- Born: May 17, 1953 (age 71) Lethbridge, Alberta, Canada
- Height: 5 ft 11 in (180 cm)
- Weight: 172 lb (78 kg; 12 st 4 lb)
- Position: Left wing
- Shot: Left
- Played for: Tilburg Trappers Heerenveen Flyers EHC Arosa
- National team: Netherlands
- NHL draft: Undrafted
- Playing career: 1971–1984

= Jack de Heer =

Dutch-Canadian ice hockey player

Jasper Garth Dick "Jack" de Heer (born May 17, 1953) is a former professional ice hockey player. He was a Dutch international who spent most of his career in the Eredivisie.

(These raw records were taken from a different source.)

(* Let $f$ be a non-degenerate Hermitian or quadratic form of finite Witt index $n\ge2$ on a vector space $V$ over a field $\mathbb F$, with polar space $\mathcal P=\mathcal P(f)$ naturally embedded in $\mathrm{PG}(V)$, and assume $\mathcal P$ is not a grid (i.e. not the case $f$ quadratic, $n=2$, $\dim V=4$). Let $X$ be a nice subspace of $\mathcal P$. Then $\langle X\rangle_{\mathrm{PG}(V)}\cap\mathcal P=X$.
   Context: Points of $\mathcal P(f)$ are the 1-spaces of $V$ isotropic (Hermitian case) or singular (quadratic case) for $f$; lines are the totally isotropic/singular 2-spaces. A subspace of $\mathcal P$ is a set of points containing every line meeting it in at least two points. A nice subspace of $\mathcal P$ is a subspace containing two mutually disjoint maximal singular subspaces of $\mathcal P$ (equivalently, $\mathcal P$ induces on it a non-degenerate polar space of rank $n$). $\langle X\rangle_{\mathrm{PG}(V)}$ is the projective subspace of $\mathrm{PG}(V)$ spanned by the points of $X$. For quadratic $q$, non-degenerate means $q(v)\ne0$ for all nonzero $v$ in the radical of its bilinearization. *)

theory Defs
  imports Main "HOL.Vector_Spaces"
begin

text \<open>Vector space V = the type 'v with scalar multiplication scale over the field 'k
  (assumed: vector_space scale). Span/independence are the library notions of Modules.\<close>

definition vspan :: "('k::field \<Rightarrow> 'v::ab_group_add \<Rightarrow> 'v) \<Rightarrow> 'v set \<Rightarrow> 'v set" where
  "vspan scale S = module.span scale S"

definition vindep :: "('k::field \<Rightarrow> 'v::ab_group_add \<Rightarrow> 'v) \<Rightarrow> 'v set \<Rightarrow> bool" where
  "vindep scale S = (\<not> module.dependent scale S)"

definition has_dim :: "('k::field \<Rightarrow> 'v::ab_group_add \<Rightarrow> 'v) \<Rightarrow> nat \<Rightarrow> bool" where
  "has_dim scale d = (\<exists>B. finite B \<and> card B = d \<and> vindep scale B \<and> vspan scale B = UNIV)"

definition nontrivial_involution :: "('k::field \<Rightarrow> 'k) \<Rightarrow> bool" where
  "nontrivial_involution \<sigma> =
     ((\<forall>a b. \<sigma> (a + b) = \<sigma> a + \<sigma> b) \<and> (\<forall>a b. \<sigma> (a * b) = \<sigma> a * \<sigma> b) \<and>
      (\<forall>a. \<sigma> (\<sigma> a) = a) \<and> \<sigma> \<noteq> id)"

definition nondeg_hermitian ::
  "('k::field \<Rightarrow> 'v::ab_group_add \<Rightarrow> 'v) \<Rightarrow> ('k \<Rightarrow> 'k) \<Rightarrow> ('v \<Rightarrow> 'v \<Rightarrow> 'k) \<Rightarrow> bool" where
  "nondeg_hermitian scale \<sigma> f =
     (nontrivial_involution \<sigma> \<and>
      (\<forall>u u' v. f (u + u') v = f u v + f u' v) \<and>
      (\<forall>a u v. f (scale a u) v = a * f u v) \<and>
      (\<forall>u v. f v u = \<sigma> (f u v)) \<and>
      (\<forall>v. (\<forall>w. f v w = 0) \<longrightarrow> v = 0))"

definition bilin_of :: "('v::ab_group_add \<Rightarrow> 'k::field) \<Rightarrow> 'v \<Rightarrow> 'v \<Rightarrow> 'k" where
  "bilin_of q u v = q (u + v) - q u - q v"

definition nondeg_quadratic ::
  "('k::field \<Rightarrow> 'v::ab_group_add \<Rightarrow> 'v) \<Rightarrow> ('v \<Rightarrow> 'k) \<Rightarrow> bool" where
  "nondeg_quadratic scale q =
     ((\<forall>a v. q (scale a v) = a * a * q v) \<and>
      (\<forall>u u' v. bilin_of q (u + u') v = bilin_of q u v + bilin_of q u' v) \<and>
      (\<forall>a u v. bilin_of q (scale a u) v = a * bilin_of q u v) \<and>
      (\<forall>v. v \<noteq> 0 \<and> (\<forall>w. bilin_of q v w = 0) \<longrightarrow> q v \<noteq> 0))"

definition tot_iso :: "('v \<Rightarrow> 'v \<Rightarrow> 'k::zero) \<Rightarrow> 'v set \<Rightarrow> bool" where
  "tot_iso f W = (\<forall>u\<in>W. \<forall>w\<in>W. f u w = 0)"

definition tot_sing :: "('v \<Rightarrow> 'k::zero) \<Rightarrow> 'v set \<Rightarrow> bool" where
  "tot_sing q W = (\<forall>w\<in>W. q w = 0)"

text \<open>In what follows, sing is tot_iso f or tot_sing q; it is only ever applied to subspaces.\<close>

definition witt_index ::
  "('k::field \<Rightarrow> 'v::ab_group_add \<Rightarrow> 'v) \<Rightarrow> ('v set \<Rightarrow> bool) \<Rightarrow> nat \<Rightarrow> bool" where
  "witt_index scale sing n =
     ((\<exists>S. finite S \<and> card S = n \<and> vindep scale S \<and> sing (vspan scale S)) \<and>
      (\<forall>S. finite S \<and> vindep scale S \<and> sing (vspan scale S) \<longrightarrow> card S \<le> n))"

definition ppoints :: "('k::field \<Rightarrow> 'v::ab_group_add \<Rightarrow> 'v) \<Rightarrow> ('v set \<Rightarrow> bool) \<Rightarrow> 'v set set" where
  "ppoints scale sing = {vspan scale {v} | v. v \<noteq> 0 \<and> sing (vspan scale {v})}"

text \<open>Lines of P: totally isotropic/singular 2-spaces of V; a point p lies on a line L iff p \<subseteq> L\<close>
definition plines :: "('k::field \<Rightarrow> 'v::ab_group_add \<Rightarrow> 'v) \<Rightarrow> ('v set \<Rightarrow> bool) \<Rightarrow> 'v set set" where
  "plines scale sing = {vspan scale S | S. finite S \<and> card S = 2 \<and> vindep scale S \<and> sing (vspan scale S)}"

definition psubspace ::
  "('k::field \<Rightarrow> 'v::ab_group_add \<Rightarrow> 'v) \<Rightarrow> ('v set \<Rightarrow> bool) \<Rightarrow> 'v set set \<Rightarrow> bool" where
  "psubspace scale sing X =
     (X \<subseteq> ppoints scale sing \<and>
      (\<forall>L\<in>plines scale sing.
         (\<exists>p\<in>X. \<exists>p'\<in>X. p \<noteq> p' \<and> p \<subseteq> L \<and> p' \<subseteq> L) \<longrightarrow>
         (\<forall>r\<in>ppoints scale sing. r \<subseteq> L \<longrightarrow> r \<in> X)))"

definition pcollinear ::
  "('k::field \<Rightarrow> 'v::ab_group_add \<Rightarrow> 'v) \<Rightarrow> ('v set \<Rightarrow> bool) \<Rightarrow> 'v set \<Rightarrow> 'v set \<Rightarrow> bool" where
  "pcollinear scale sing p r = (\<exists>L\<in>plines scale sing. p \<subseteq> L \<and> r \<subseteq> L)"

definition psingular ::
  "('k::field \<Rightarrow> 'v::ab_group_add \<Rightarrow> 'v) \<Rightarrow> ('v set \<Rightarrow> bool) \<Rightarrow> 'v set set \<Rightarrow> bool" where
  "psingular scale sing S =
     (psubspace scale sing S \<and> (\<forall>p\<in>S. \<forall>r\<in>S. p \<noteq> r \<longrightarrow> pcollinear scale sing p r))"

definition pmax_singular ::
  "('k::field \<Rightarrow> 'v::ab_group_add \<Rightarrow> 'v) \<Rightarrow> ('v set \<Rightarrow> bool) \<Rightarrow> 'v set set \<Rightarrow> bool" where
  "pmax_singular scale sing M =
     (psingular scale sing M \<and> (\<forall>S. psingular scale sing S \<and> M \<subseteq> S \<longrightarrow> S = M))"

definition pnice ::
  "('k::field \<Rightarrow> 'v::ab_group_add \<Rightarrow> 'v) \<Rightarrow> ('v set \<Rightarrow> bool) \<Rightarrow> 'v set set \<Rightarrow> bool" where
  "pnice scale sing X =
     (psubspace scale sing X \<and>
      (\<exists>M1 M2. pmax_singular scale sing M1 \<and> pmax_singular scale sing M2 \<and>
               M1 \<subseteq> X \<and> M2 \<subseteq> X \<and> M1 \<inter> M2 = {}))"

definition pg_span_points ::
  "('k::field \<Rightarrow> 'v::ab_group_add \<Rightarrow> 'v) \<Rightarrow> 'v set set \<Rightarrow> 'v set set" where
  "pg_span_points scale X = {vspan scale {v} | v. v \<noteq> 0 \<and> v \<in> vspan scale (\<Union>X)}"

end

theory Submission
  imports Defs
begin

text \<open>Choose disjoint maximal singular subspaces \<open>M1, M2 \<subseteq> X\<close>. Because the rank is at least 2,
  \<open>M1\<close> contains independent vectors \<open>e1, e2\<close> and, by maximality and disjointness, \<open>M2\<close>
  contains \<open>f1, f2\<close> with \<open>g(ei, fj) = [i = j]\<close>; they span a hyperbolic 4-space \<open>H\<close>.
  For fixed \<open>u \<perp> H\<close>, the set of \<open>h \<in> H\<close> with \<open>\<langle>h + u\<rangle> \<in> X\<close> is closed under adding
  singular vectors of \<open>H\<close> perpendicular to \<open>h\<close>, and such moves connect any two vectors of \<open>H\<close>
  with the same value of \<open>Q\<close>. Starting from the four totally singular planes spanned by one
  \<open>e\<close> and one \<open>f\<close>-vector or by both \<open>e\<close>- or both \<open>f\<close>-vectors, all of which lie in \<open>X\<close>, this first
  puts every singular vector of \<open>H\<close> into \<open>X\<close>. Then the \<open>H\<^sup>\<perp>\<close>-components of the points of \<open>X\<close>
  form a subspace, so they include the \<open>H\<^sup>\<perp>\<close>-component \<open>u\<close> of every singular vector
  \<open>h + u\<close> of \<open>\<langle>X\<rangle>\<close>; since \<open>Q(h) = - Q(u)\<close> is also the \<open>Q\<close>-value of the \<open>H\<close>-part of a point
  \<open>\<langle>h' + u\<rangle>\<close> of \<open>X\<close>, the point \<open>\<langle>h + u\<rangle>\<close> lies in \<open>X\<close>.\<close>

section \<open>Involutions and the trace\<close>

locale field_involution =
  fixes \<sigma> :: "'k::field \<Rightarrow> 'k"
  assumes conj_add: "\<sigma> (a + b) = \<sigma> a + \<sigma> b"
    and conj_mult: "\<sigma> (a * b) = \<sigma> a * \<sigma> b"
    and conj_conj [simp]: "\<sigma> (\<sigma> a) = a"
begin

lemma conj_0 [simp]: "\<sigma> 0 = 0"
  using conj_add[of 0 0] by (metis add_cancel_right_right)

lemma conj_eq_0_iff [simp]: "\<sigma> a = 0 \<longleftrightarrow> a = 0"
  by (metis conj_0 conj_conj)

lemma conj_1 [simp]: "\<sigma> 1 = 1"
proof -
  have "\<sigma> 1 * \<sigma> 1 = \<sigma> 1 * 1" using conj_mult[of 1 1] by simp
  then show ?thesis by (metis conj_eq_0_iff mult_left_cancel zero_neq_one)
qed

lemma conj_minus [simp]: "\<sigma> (- a) = - \<sigma> a"
  using conj_add[of a "- a"] by (simp add: eq_neg_iff_add_eq_0 add.commute)

lemma conj_diff [simp]: "\<sigma> (a - b) = \<sigma> a - \<sigma> b"
  using conj_add[of a "- b"] by simp

lemma conj_inverse [simp]: "\<sigma> (inverse a) = inverse (\<sigma> a)"
proof (cases "a = 0")
  case False
  then have "\<sigma> a * \<sigma> (inverse a) = 1" using conj_mult[of a "inverse a"] by simp
  then show ?thesis by (metis inverse_unique)
qed simp

lemma conj_divide [simp]: "\<sigma> (a / b) = \<sigma> a / \<sigma> b"
  by (simp add: divide_inverse conj_mult)

declare conj_add [simp] conj_mult [simp]

text \<open>In characteristic 2 the element \<open>b + \<sigma> b\<close> is nonzero for any \<open>b\<close> not fixed by \<open>\<sigma>\<close>;
  otherwise \<open>1 + \<sigma> 1 = 2\<close> already is. Dividing by it gives an element of trace 1.\<close>

lemma exists_trace_one:
  assumes "\<sigma> b \<noteq> b"
  shows "\<exists>a. a + \<sigma> a = 1"
proof -
  obtain t where t: "t + \<sigma> t \<noteq> 0"
  proof (cases "(1::'k) + 1 = 0")
    case True
    then have "- b = b" by (metis add.commute add_eq_0_iff2 distrib_right mult_1 mult_zero_left)
    then have "b + \<sigma> b \<noteq> 0" using assms by (metis add.commute eq_neg_iff_add_eq_0)
    then show ?thesis using that by blast
  next
    case False
    then show ?thesis using that[of 1] by simp
  qed
  have "\<sigma> (t / (t + \<sigma> t)) = \<sigma> t / (t + \<sigma> t)" by (simp add: add.commute)
  then have "t / (t + \<sigma> t) + \<sigma> (t / (t + \<sigma> t)) = 1"
    using t by (simp add: add_divide_distrib[symmetric] add.commute)
  then show ?thesis by blast
qed

end

text \<open>The parameter \<open>\<delta>\<close> distinguishes the two kinds of forms treated uniformly below:
  \<open>\<delta> = 0\<close>, \<open>\<sigma> = id\<close> for quadratic forms and \<open>\<delta> = 1\<close> for Hermitian forms.\<close>

locale trace_field = field_involution \<sigma> for \<sigma> :: "'k::field \<Rightarrow> 'k" +
  fixes \<delta> :: 'k
  assumes quadratic_or_hermitian: "(\<delta> = 0 \<and> (\<forall>a. \<sigma> a = a)) \<or> (\<delta> = 1 \<and> (\<exists>a. a + \<sigma> a = 1))"
begin

lemma trace_surj:
  assumes "\<sigma> c = c"
  shows "\<exists>a. \<sigma> a + \<delta> * a = c"
  using quadratic_or_hermitian
proof
  assume "\<delta> = 1 \<and> (\<exists>a. a + \<sigma> a = 1)"
  then obtain a where "\<delta> = 1" "a + \<sigma> a = 1" by blast
  have "\<sigma> (c * a) + \<delta> * (c * a) = c * (a + \<sigma> a)"
    using assms \<open>\<delta> = 1\<close> by (simp add: algebra_simps)
  also have "\<dots> = c" using \<open>a + \<sigma> a = 1\<close> by simp
  finally show ?thesis by blast
qed auto

lemma trace_zero_imp: "\<sigma> a + \<delta> * a = 0 \<Longrightarrow> \<sigma> a + a = 0"
  using quadratic_or_hermitian by auto

end

section \<open>Moves in a hyperbolic 4-space\<close>

text \<open>Coordinates \<open>(a1, a2, b1, b2)\<close> stand for \<open>a1 e1 + a2 e2 + b1 f1 + b2 f2\<close>, where
  \<open>e1, e2, f1, f2\<close> are two hyperbolic pairs; \<open>hform\<close> and \<open>hquad\<close> are the form and its
  quadratic map in these coordinates. A move adds to a vector a perpendicular vector of a given
  kind; a set of vectors of a polar subspace is closed under moves by singular vectors, because
  the two summands then span a singular line.\<close>

context trace_field
begin

definition hform :: "'k \<Rightarrow> 'k \<Rightarrow> 'k \<Rightarrow> 'k \<Rightarrow> 'k \<Rightarrow> 'k \<Rightarrow> 'k \<Rightarrow> 'k \<Rightarrow> 'k" where
  "hform c1 c2 d1 d2 a1 a2 b1 b2 = c1 * \<sigma> b1 + c2 * \<sigma> b2 + d1 * \<sigma> a1 + d2 * \<sigma> a2"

A Canadian of Dutch descent, de Heer spent his first five seasons in the Netherlands with Tilburg Trappers, averaging nearly four points a game. In 1976, he joined the Heerenveen Flyers where he spent the next four seasons. A regular Dutch national team member, highlights of his international career included being top scorer and name tournament top forward at the 1978 World Ice Hockey Championships Pool C, top scorer at the 1979 World Ice Hockey Championships Pool B, and scoring a hat-trick against Poland at the Lake Placid Olympics.

In 1980, de Heer joined EHC Arosa of the Swiss Nationalliga A league. In 1982, he returned to Dutch club hockey, rejoining the Flyers until retiring in 1984.

He resides in Lethbridge, Alberta, and is married with two children.